Find the line holding "('l \<Rightarrow> 'l \<Rightarrow> 'l) \<Rightarrow> ('l" in the entries below. Give it again exactly, along with every line after it up to and including the line holding "sw nw \<longleftrightarrow>".

(Saved entries)
>>>>>

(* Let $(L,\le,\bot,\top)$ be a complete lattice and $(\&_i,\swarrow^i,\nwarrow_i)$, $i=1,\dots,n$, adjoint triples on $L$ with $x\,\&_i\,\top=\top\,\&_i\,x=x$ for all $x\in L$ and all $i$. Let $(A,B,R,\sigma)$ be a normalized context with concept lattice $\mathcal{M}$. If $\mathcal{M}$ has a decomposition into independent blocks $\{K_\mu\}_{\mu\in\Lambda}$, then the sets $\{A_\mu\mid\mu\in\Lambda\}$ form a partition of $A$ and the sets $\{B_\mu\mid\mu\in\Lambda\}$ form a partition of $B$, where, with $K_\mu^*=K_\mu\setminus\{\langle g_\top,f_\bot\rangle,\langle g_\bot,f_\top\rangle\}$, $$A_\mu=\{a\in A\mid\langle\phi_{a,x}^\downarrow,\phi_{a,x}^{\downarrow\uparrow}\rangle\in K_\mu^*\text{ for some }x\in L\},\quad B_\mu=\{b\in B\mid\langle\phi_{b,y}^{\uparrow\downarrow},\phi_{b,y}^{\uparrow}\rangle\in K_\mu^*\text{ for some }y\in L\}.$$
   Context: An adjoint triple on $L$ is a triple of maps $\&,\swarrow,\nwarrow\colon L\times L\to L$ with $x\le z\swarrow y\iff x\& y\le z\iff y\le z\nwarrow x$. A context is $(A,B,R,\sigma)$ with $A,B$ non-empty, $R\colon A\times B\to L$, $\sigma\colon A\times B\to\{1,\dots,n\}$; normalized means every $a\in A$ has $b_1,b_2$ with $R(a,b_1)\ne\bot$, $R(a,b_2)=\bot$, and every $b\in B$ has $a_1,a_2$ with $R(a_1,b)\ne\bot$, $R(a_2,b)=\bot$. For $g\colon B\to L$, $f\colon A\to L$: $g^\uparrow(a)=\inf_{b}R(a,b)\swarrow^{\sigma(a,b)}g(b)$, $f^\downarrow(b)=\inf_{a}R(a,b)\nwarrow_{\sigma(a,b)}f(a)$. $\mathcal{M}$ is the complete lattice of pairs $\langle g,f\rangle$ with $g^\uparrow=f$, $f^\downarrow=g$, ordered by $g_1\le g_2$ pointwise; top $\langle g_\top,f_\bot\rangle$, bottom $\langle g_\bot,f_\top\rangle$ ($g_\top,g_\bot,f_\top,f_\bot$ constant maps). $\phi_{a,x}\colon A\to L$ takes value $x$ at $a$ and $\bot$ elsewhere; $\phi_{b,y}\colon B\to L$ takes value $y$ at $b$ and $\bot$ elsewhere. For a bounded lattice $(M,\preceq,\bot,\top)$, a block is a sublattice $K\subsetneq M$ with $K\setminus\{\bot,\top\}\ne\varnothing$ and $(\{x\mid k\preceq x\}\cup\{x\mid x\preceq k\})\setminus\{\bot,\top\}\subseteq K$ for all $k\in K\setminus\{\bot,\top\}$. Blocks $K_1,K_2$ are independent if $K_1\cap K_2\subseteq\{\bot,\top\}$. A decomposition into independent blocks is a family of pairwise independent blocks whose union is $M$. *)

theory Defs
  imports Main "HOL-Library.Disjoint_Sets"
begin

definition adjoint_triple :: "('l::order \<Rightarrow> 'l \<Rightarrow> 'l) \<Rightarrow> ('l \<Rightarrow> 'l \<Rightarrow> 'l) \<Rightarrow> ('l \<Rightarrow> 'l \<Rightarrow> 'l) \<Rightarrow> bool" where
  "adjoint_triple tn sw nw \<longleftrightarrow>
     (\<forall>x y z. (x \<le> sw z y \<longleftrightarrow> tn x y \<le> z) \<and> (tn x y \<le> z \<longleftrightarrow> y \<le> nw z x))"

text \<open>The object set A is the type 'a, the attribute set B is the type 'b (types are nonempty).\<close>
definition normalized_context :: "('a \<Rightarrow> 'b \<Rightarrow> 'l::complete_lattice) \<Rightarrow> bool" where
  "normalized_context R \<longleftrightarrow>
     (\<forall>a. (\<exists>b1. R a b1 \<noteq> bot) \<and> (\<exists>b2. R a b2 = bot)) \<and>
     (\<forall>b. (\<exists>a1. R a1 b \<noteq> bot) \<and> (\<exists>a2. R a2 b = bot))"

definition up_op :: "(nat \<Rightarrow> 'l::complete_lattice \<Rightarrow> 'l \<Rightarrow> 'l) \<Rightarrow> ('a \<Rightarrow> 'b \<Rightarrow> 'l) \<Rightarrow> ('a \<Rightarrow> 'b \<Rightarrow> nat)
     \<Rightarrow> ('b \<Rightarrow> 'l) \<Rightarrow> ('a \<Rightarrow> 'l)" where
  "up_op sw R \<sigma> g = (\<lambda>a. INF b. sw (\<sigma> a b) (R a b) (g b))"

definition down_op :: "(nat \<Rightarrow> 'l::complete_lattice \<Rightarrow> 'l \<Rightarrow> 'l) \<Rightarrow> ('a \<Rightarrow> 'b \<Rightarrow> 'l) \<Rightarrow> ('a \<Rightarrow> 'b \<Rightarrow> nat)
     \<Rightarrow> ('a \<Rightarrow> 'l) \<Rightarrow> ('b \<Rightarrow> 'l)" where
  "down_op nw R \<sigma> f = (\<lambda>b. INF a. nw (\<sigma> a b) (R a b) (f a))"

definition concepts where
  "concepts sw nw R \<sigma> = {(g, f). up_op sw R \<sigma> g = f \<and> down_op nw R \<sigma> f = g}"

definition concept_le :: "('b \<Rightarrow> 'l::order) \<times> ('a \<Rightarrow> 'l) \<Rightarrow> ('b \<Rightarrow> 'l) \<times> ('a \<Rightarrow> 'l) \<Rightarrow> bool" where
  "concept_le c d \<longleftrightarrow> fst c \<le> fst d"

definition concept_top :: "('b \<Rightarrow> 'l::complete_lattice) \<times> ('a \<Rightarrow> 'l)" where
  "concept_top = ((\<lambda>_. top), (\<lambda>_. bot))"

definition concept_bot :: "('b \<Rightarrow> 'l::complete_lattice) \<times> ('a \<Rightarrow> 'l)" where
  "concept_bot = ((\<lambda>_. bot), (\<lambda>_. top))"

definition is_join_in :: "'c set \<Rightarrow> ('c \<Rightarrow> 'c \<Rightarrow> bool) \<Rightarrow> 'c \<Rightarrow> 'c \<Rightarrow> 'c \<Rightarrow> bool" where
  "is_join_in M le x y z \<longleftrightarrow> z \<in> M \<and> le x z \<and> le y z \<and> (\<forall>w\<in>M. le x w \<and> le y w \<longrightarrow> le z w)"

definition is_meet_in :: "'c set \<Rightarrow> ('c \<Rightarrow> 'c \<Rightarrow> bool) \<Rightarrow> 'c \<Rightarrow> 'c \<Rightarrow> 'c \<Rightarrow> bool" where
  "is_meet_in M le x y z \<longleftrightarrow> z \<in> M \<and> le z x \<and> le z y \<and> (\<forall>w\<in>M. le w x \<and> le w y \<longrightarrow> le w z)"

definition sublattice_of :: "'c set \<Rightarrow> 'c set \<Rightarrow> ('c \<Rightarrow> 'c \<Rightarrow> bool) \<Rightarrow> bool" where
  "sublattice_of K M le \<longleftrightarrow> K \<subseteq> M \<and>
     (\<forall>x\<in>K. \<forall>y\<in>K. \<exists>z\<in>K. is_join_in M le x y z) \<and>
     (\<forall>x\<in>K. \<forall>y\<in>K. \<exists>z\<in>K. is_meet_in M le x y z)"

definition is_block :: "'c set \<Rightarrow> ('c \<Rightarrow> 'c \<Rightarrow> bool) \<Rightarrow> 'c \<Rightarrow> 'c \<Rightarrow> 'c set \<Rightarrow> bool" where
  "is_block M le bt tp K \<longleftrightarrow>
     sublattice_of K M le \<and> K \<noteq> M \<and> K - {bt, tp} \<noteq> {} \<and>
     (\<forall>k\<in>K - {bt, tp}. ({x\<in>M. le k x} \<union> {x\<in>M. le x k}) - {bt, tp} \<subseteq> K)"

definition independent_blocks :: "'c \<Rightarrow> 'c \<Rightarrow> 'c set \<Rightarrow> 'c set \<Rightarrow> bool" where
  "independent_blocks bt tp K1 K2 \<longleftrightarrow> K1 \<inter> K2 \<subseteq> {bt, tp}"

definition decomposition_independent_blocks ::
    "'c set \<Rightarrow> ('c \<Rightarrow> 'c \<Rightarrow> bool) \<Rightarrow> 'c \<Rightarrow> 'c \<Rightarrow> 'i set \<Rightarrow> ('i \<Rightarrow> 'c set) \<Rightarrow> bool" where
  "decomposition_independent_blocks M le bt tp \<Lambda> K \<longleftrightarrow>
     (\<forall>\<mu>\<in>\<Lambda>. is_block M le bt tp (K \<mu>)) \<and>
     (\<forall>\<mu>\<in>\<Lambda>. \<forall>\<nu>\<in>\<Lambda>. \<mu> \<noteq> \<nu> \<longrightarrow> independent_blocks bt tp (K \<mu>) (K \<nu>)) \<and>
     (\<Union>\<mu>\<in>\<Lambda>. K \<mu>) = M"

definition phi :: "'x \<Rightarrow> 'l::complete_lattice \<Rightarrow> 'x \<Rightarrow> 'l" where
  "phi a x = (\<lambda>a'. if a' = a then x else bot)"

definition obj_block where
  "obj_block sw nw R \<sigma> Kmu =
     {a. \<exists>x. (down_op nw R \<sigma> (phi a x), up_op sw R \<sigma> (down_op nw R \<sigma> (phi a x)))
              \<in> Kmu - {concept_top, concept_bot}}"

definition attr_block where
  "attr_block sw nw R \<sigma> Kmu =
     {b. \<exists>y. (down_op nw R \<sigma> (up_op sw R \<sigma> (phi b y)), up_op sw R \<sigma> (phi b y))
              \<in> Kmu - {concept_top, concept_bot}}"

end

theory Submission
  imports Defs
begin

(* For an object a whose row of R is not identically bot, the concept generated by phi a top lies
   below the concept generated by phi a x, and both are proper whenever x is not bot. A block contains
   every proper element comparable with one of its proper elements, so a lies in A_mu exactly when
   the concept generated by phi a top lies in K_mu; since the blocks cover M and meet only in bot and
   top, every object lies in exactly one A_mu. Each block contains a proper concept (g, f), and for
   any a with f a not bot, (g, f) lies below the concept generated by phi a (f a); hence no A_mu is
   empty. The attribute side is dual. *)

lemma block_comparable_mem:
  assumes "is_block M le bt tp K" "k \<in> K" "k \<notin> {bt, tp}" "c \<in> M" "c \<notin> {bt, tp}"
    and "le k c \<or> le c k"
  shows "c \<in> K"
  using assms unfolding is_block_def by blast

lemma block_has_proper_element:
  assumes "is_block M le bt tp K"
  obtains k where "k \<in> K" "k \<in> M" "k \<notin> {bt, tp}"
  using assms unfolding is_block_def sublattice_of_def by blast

<<<<<

Solution >>
definition adjoint_triple :: "('l::order \<Rightarrow> 'l \<Rightarrow> 'l) \<Rightarrow> ('l \<Rightarrow> 'l \<Rightarrow> 'l) \<Rightarrow> ('l \<Rightarrow> 'l \<Rightarrow> 'l) \<Rightarrow> bool" where
  "adjoint_triple tn sw nw \<longleftrightarrow>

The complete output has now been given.